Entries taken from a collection

--- START ---

lemma average_matrix_unit_diagonal:
  assumes V: "E_module scE scV act" and "fin_dim_space scV" and i: "i \<in> basis_of scV"
    and l: "average act act (matrix_unit scV scV i i) = scV l"
  shows "l * of_nat (card (basis_of scV)) = of_nat (card (carrier G))"
proof -
  interpret V: fin_dim_space scV by fact
  have "l * of_nat (card (basis_of scV)) = vtrace scV (average act act (matrix_unit scV scV i i))"
    by (simp add: l V.vtrace_scale)
  also have "\<dots> = of_nat (card (carrier G))"
    using linear_matrix_unit[OF V.fin_dim_space_axioms V.vector_space_axioms]
    by (simp add: vtrace_average[OF V.fin_dim_space_axioms V] V.vtrace_matrix_unit[OF i])
  finally show ?thesis .
qed

end

text \<open>Characteristic 0 is needed to divide by dim V.\<close>

lemma sum_vtrace_mult_vtrace_self:
  fixes scE :: "'k::field_char_0 \<Rightarrow> 'e::ring_1 \<Rightarrow> 'e" and scV :: "'k \<Rightarrow> 'v::ab_group_add \<Rightarrow> 'v"
  assumes "twisted_group_algebra G scE Ecomp b" and k: "alg_closed_field TYPE('k)"
    and simple: "simple_E_module scE scV act"
    and t: "Vector_Spaces.linear scV scV t" and "bij t"
  shows "(\<Sum>w\<in>carrier G. vtrace scV (\<lambda>v. act (b w) (t v))
      * vtrace scV (\<lambda>u. inv_into UNIV t (act (ring_inv (b w)) u))) = of_nat (card (carrier G))"
proof -
  interpret twisted_group_algebra G scE Ecomp b by fact
  note V = simple_E_module_E_module[OF simple]
  interpret V: fin_dim_space scV by (rule simple_E_module_fin_dim_space[OF simple])
  let ?B = "basis_of scV" and ?n = "of_nat (card (basis_of scV)) :: 'k"
  obtain l where l: "\<And>i j v. average act act (matrix_unit scV scV i j) v = scV (l i j) v"
    using average_matrix_unit_scalar[OF k simple] by blast
  have t_inv: "Vector_Spaces.linear scV scV (inv_into UNIV t)"
    by (rule linear_inv_into[OF t \<open>bij t\<close>])
  have "?n \<noteq> 0"
    using V.card_basis_of_pos simple_E_module_nonzero[OF simple] by auto
  have diagonal: "l i i * ?n = of_nat (card (carrier G))" if "i \<in> ?B" for i
    by (rule average_matrix_unit_diagonal[OF V V.fin_dim_space_axioms that]) (intro ext l)
  have "(\<Sum>w\<in>carrier G. vtrace scV (\<lambda>v. act (b w) (t v))
      * vtrace scV (\<lambda>u. inv_into UNIV t (act (ring_inv (b w)) u)))
      = (\<Sum>i\<in>?B. \<Sum>j\<in>?B.
          coord scV (inv_into UNIV t (average act act (matrix_unit scV scV i j) (t i))) j)"
    by (rule sum_vtrace_mult_vtrace_eq_average[OF V V V.fin_dim_space_axioms
          V.fin_dim_space_axioms t_inv])
  also have "\<dots> = (\<Sum>i\<in>?B. \<Sum>j\<in>?B. if j = i then l i i else 0)"
    using \<open>bij t\<close>
    by (intro sum.cong refl)
      (auto simp: l linear_map_scale[OF t_inv] bij_is_inj V.coord_scale V.coord_basis)
  also have "\<dots> = (\<Sum>i\<in>?B. l i i)"
    by (simp add: V.finite_Basis)
  also have "\<dots> = (\<Sum>i\<in>?B. of_nat (card (carrier G)) / ?n)"
    using diagonal \<open>?n \<noteq> 0\<close> by (intro sum.cong refl) (simp add: eq_divide_eq)
  also have "\<dots> = of_nat (card (carrier G))"
    using \<open>?n \<noteq> 0\<close> by simp
  finally show ?thesis .
qed
(* For rho0 = 0 the front and the weight are linear in t.  For rho0 > 0 and [rho] = 0 the
   front is, for t >= 0, an affine function plus c / (rho0 - rho1 [u] t), where c has the sign
   of (u1 + u2)/2 - u0.  For [rho] <> 0 it is an affine function plus sqrt (Delta t) / [rho].
   With Delta t = a t^2 + 2 rho0 b t + rho0^2 and B its polar form,
   Delta x * Delta y - B(x,y)^2 = rho0^2 (a - b^2) (x - y)^2, so sqrt Delta is convex when
   b^2 <= a and concave on t >= 0 when b^2 >= a and b >= 0.  The hypothesis on u0 says
   b < sqrt a if [rho] > 0 and b > sqrt a if [rho] < 0, which gives a convex front in both
   cases.  The concave case is the convex case of the problem reflected by x -> -x. *)

lemma convex_on_cong:
  "S = T \<Longrightarrow> (\<And>x. x \<in> T \<Longrightarrow> f x = g x) \<Longrightarrow> convex_on S f \<longleftrightarrow> convex_on T g"
  by (auto simp: convex_on_def convex_def)

lemma convex_on_affine_add:
  fixes g :: "real \<Rightarrow> real"
  assumes "convex_on S g"
  shows "convex_on S (\<lambda>t. m * t + c + g t)"
proof -
  have "convex_on S (\<lambda>t. m * t + c)"
    using convex_on_imp_convex[OF assms] by (intro convex_onI) (simp_all add: algebra_simps)
  then show ?thesis
    using assms by (rule convex_on_add)
qed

--- END ---

WORK ORDER |
Nothing beyond the line containing "scV)) = vtrace" is to be output; the lines above, from the first one onward to that line, are to be transcribed exactly.

RESPONSE BOX |
lemma average_matrix_unit_diagonal:
  assumes V: "E_module scE scV act" and "fin_dim_space scV" and i: "i \<in> basis_of scV"
    and l: "average act act (matrix_unit scV scV i i) = scV l"
  shows "l * of_nat (card (basis_of scV)) = of_nat (card (carrier G))"
proof -
  interpret V: fin_dim_space scV by fact
  have "l * of_nat (card (basis_of scV)) = vtrace scV (average act act (matrix_unit scV scV i i))"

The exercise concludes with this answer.